- [SUPPLIED MATERIAL]:

lemma coloring_monomial_simps:
  assumes "finite (V P)"
  shows "set_mset (coloring_monomial P \<kappa>) = \<kappa> ` V P" "size (coloring_monomial P \<kappa>) = card (V P)"
    "count (coloring_monomial P \<kappa>) c = card {v \<in> V P. \<kappa> v = c}"
    "height (set_mset (coloring_monomial P \<kappa>)) id = height (V P) \<kappa>"
    "canonical (set_mset (coloring_monomial P \<kappa>)) id \<longleftrightarrow> canonical (V P) \<kappa>"
proof -
  show set: "set_mset (coloring_monomial P \<kappa>) = \<kappa> ` V P"
    unfolding coloring_monomial_def using assms by simp
  show "size (coloring_monomial P \<kappa>) = card (V P)" unfolding coloring_monomial_def by simp
  have "count (coloring_monomial P \<kappa>) c = (\<Sum>v | v \<in># mset_set (V P) \<and> c = \<kappa> v. count (mset_set (V P)) v)"
    unfolding coloring_monomial_def by (rule count_image_mset')
  also have "\<dots> = (\<Sum>v\<in>{v \<in> V P. \<kappa> v = c}. 1)"
    using assms by (intro sum.cong) auto
  finally show "count (coloring_monomial P \<kappa>) c = card {v \<in> V P. \<kappa> v = c}" by simp
  show "height (set_mset (coloring_monomial P \<kappa>)) id = height (V P) \<kappa>"
    "canonical (set_mset (coloring_monomial P \<kappa>)) id \<longleftrightarrow> canonical (V P) \<kappa>"
    unfolding set height_image canonical_image by simp_all
qed

definition monomial_weight :: "int multiset \<Rightarrow> rat poly" where
  "monomial_weight m = (let k = height (set_mset m) id in
     (-1) ^ (size m + nat k) * (1 - (if 0 < k \<and> count m (- k) = 0 then (1 - monom 1 1) ^ count m k else 0)))"

lemma monomial_weight_coloring_monomial:
  assumes fin: "finite (V P)"
  shows "monomial_weight (coloring_monomial P \<kappa>) = coloring_sign P \<kappa> * (1 - top_weight (monom 1 1) P \<kappa>)"
proof -
  have "count (coloring_monomial P \<kappa>) (- height (V P) \<kappa>) = 0 \<longleftrightarrow> bottom_level P \<kappa> = {}"
    unfolding coloring_monomial_simps(3)[OF fin] bottom_level_def using fin by simp
  then show ?thesis
    unfolding monomial_weight_def coloring_sign_def top_weight_def Let_def coloring_monomial_simps(2-4)[OF fin]
      top_level_def
    by simp
qed

theorem sum_monomial_weight:
  assumes sp: "signed_poset P"
  shows "(\<Sum>\<kappa>\<in>canonical_colorings P. monomial_weight (coloring_monomial P \<kappa>)) = monom 1 (card (sinks P))"
proof -
  note finV = is_orientationD(1)[OF signed_posetD(1)[OF sp]]
  have "(\<Sum>\<kappa>\<in>canonical_colorings P. monomial_weight (coloring_monomial P \<kappa>))
      = (\<Sum>\<kappa>\<in>canonical_colorings P. coloring_sign P \<kappa>)
        - (\<Sum>\<kappa>\<in>canonical_colorings P. coloring_sign P \<kappa> * top_weight (monom 1 1) P \<kappa>)"
    by (simp add: monomial_weight_coloring_monomial[OF finV] algebra_simps sum_subtractf)
  also have "\<dots> = monom 1 1 ^ card (sinks P)"
    unfolding sum_coloring_sign[OF sp] sum_coloring_sign_top_weight[OF sp] by simp
  finally show ?thesis by (simp add: monom_power)
qed

definition canonical_support :: "fps_Z \<Rightarrow> int multiset set" where
  "canonical_support f = {m. canonical (set_mset m) id \<and> f m \<noteq> 0}"

text \<open>Only canonical monomials are read: every \<open>Y\<^sub>P\<close> has infinitely many monomials in its
  support, but only finitely many canonical ones.\<close>
definition sink_functional :: "fps_Z \<Rightarrow> rat poly" where
  "sink_functional f = (\<Sum>m\<in>canonical_support f. smult (f m) (monomial_weight m))"

lemma Ypos_canonical:
  assumes fin: "finite (V P)" and m: "canonical (set_mset m) id"
  shows "Ypos P m = of_nat (card {\<kappa> \<in> canonical_colorings P. coloring_monomial P \<kappa> = m})"
proof -
  have "{\<kappa> \<in> V P \<rightarrow>\<^sub>E UNIV. proper_coloring P \<kappa> \<and> preserves P \<kappa> \<and> image_mset \<kappa> (mset_set (V P)) = m}
     = {\<kappa> \<in> canonical_colorings P. coloring_monomial P \<kappa> = m}"
    using m coloring_monomial_simps(5)[OF fin]
    unfolding canonical_colorings_def coloring_monomial_def by blast
  then show ?thesis unfolding Ypos_def by simp
qed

- [REQUIRED WORK]:
The records above are to be written out again word for word.

- [RESPONSE]:
lemma coloring_monomial_simps:
  assumes "finite (V P)"
  shows "set_mset (coloring_monomial P \<kappa>) = \<kappa> ` V P" "size (coloring_monomial P \<kappa>) = card (V P)"
    "count (coloring_monomial P \<kappa>) c = card {v \<in> V P. \<kappa> v = c}"
    "height (set_mset (coloring_monomial P \<kappa>)) id = height (V P) \<kappa>"
    "canonical (set_mset (coloring_monomial P \<kappa>)) id \<longleftrightarrow> canonical (V P) \<kappa>"
proof -
  show set: "set_mset (coloring_monomial P \<kappa>) = \<kappa> ` V P"
    unfolding coloring_monomial_def using assms by simp
  show "size (coloring_monomial P \<kappa>) = card (V P)" unfolding coloring_monomial_def by simp
  have "count (coloring_monomial P \<kappa>) c = (\<Sum>v | v \<in># mset_set (V P) \<and> c = \<kappa> v. count (mset_set (V P)) v)"
    unfolding coloring_monomial_def by (rule count_image_mset')
  also have "\<dots> = (\<Sum>v\<in>{v \<in> V P. \<kappa> v = c}. 1)"
    using assms by (intro sum.cong) auto
  finally show "count (coloring_monomial P \<kappa>) c = card {v \<in> V P. \<kappa> v = c}" by simp
  show "height (set_mset (coloring_monomial P \<kappa>)) id = height (V P) \<kappa>"
    "canonical (set_mset (coloring_monomial P \<kappa>)) id \<longleftrightarrow> canonical (V P) \<kappa>"
    unfolding set height_image canonical_image by simp_all
qed

definition monomial_weight :: "int multiset \<Rightarrow> rat poly" where
  "monomial_weight m = (let k = height (set_mset m) id in
     (-1) ^ (size m + nat k) * (1 - (if 0 < k \<and> count m (- k) = 0 then (1 - monom 1 1) ^ count m k else 0)))"

lemma monomial_weight_coloring_monomial:
  assumes fin: "finite (V P)"
  shows "monomial_weight (coloring_monomial P \<kappa>) = coloring_sign P \<kappa> * (1 - top_weight (monom 1 1) P \<kappa>)"
proof -
  have "count (coloring_monomial P \<kappa>) (- height (V P) \<kappa>) = 0 \<longleftrightarrow> bottom_level P \<kappa> = {}"
    unfolding coloring_monomial_simps(3)[OF fin] bottom_level_def using fin by simp
  then show ?thesis
    unfolding monomial_weight_def coloring_sign_def top_weight_def Let_def coloring_monomial_simps(2-4)[OF fin]
      top_level_def
    by simp
qed

theorem sum_monomial_weight:
  assumes sp: "signed_poset P"
  shows "(\<Sum>\<kappa>\<in>canonical_colorings P. monomial_weight (coloring_monomial P \<kappa>)) = monom 1 (card (sinks P))"
proof -
  note finV = is_orientationD(1)[OF signed_posetD(1)[OF sp]]
  have "(\<Sum>\<kappa>\<in>canonical_colorings P. monomial_weight (coloring_monomial P \<kappa>))
      = (\<Sum>\<kappa>\<in>canonical_colorings P. coloring_sign P \<kappa>)
        - (\<Sum>\<kappa>\<in>canonical_colorings P. coloring_sign P \<kappa> * top_weight (monom 1 1) P \<kappa>)"
    by (simp add: monomial_weight_coloring_monomial[OF finV] algebra_simps sum_subtractf)
  also have "\<dots> = monom 1 1 ^ card (sinks P)"
    unfolding sum_coloring_sign[OF sp] sum_coloring_sign_top_weight[OF sp] by simp
  finally show ?thesis by (simp add: monom_power)
qed

definition canonical_support :: "fps_Z \<Rightarrow> int multiset set" where
  "canonical_support f = {m. canonical (set_mset m) id \<and> f m \<noteq> 0}"

text \<open>Only canonical monomials are read: every \<open>Y\<^sub>P\<close> has infinitely many monomials in its
  support, but only finitely many canonical ones.\<close>
definition sink_functional :: "fps_Z \<Rightarrow> rat poly" where
  "sink_functional f = (\<Sum>m\<in>canonical_support f. smult (f m) (monomial_weight m))"

lemma Ypos_canonical:
  assumes fin: "finite (V P)" and m: "canonical (set_mset m) id"
  shows "Ypos P m = of_nat (card {\<kappa> \<in> canonical_colorings P. coloring_monomial P \<kappa> = m})"
proof -
  have "{\<kappa> \<in> V P \<rightarrow>\<^sub>E UNIV. proper_coloring P \<kappa> \<and> preserves P \<kappa> \<and> image_mset \<kappa> (mset_set (V P)) = m}
     = {\<kappa> \<in> canonical_colorings P. coloring_monomial P \<kappa> = m}"
    using m coloring_monomial_simps(5)[OF fin]
    unfolding canonical_colorings_def coloring_monomial_def by blast
  then show ?thesis unfolding Ypos_def by simp
qed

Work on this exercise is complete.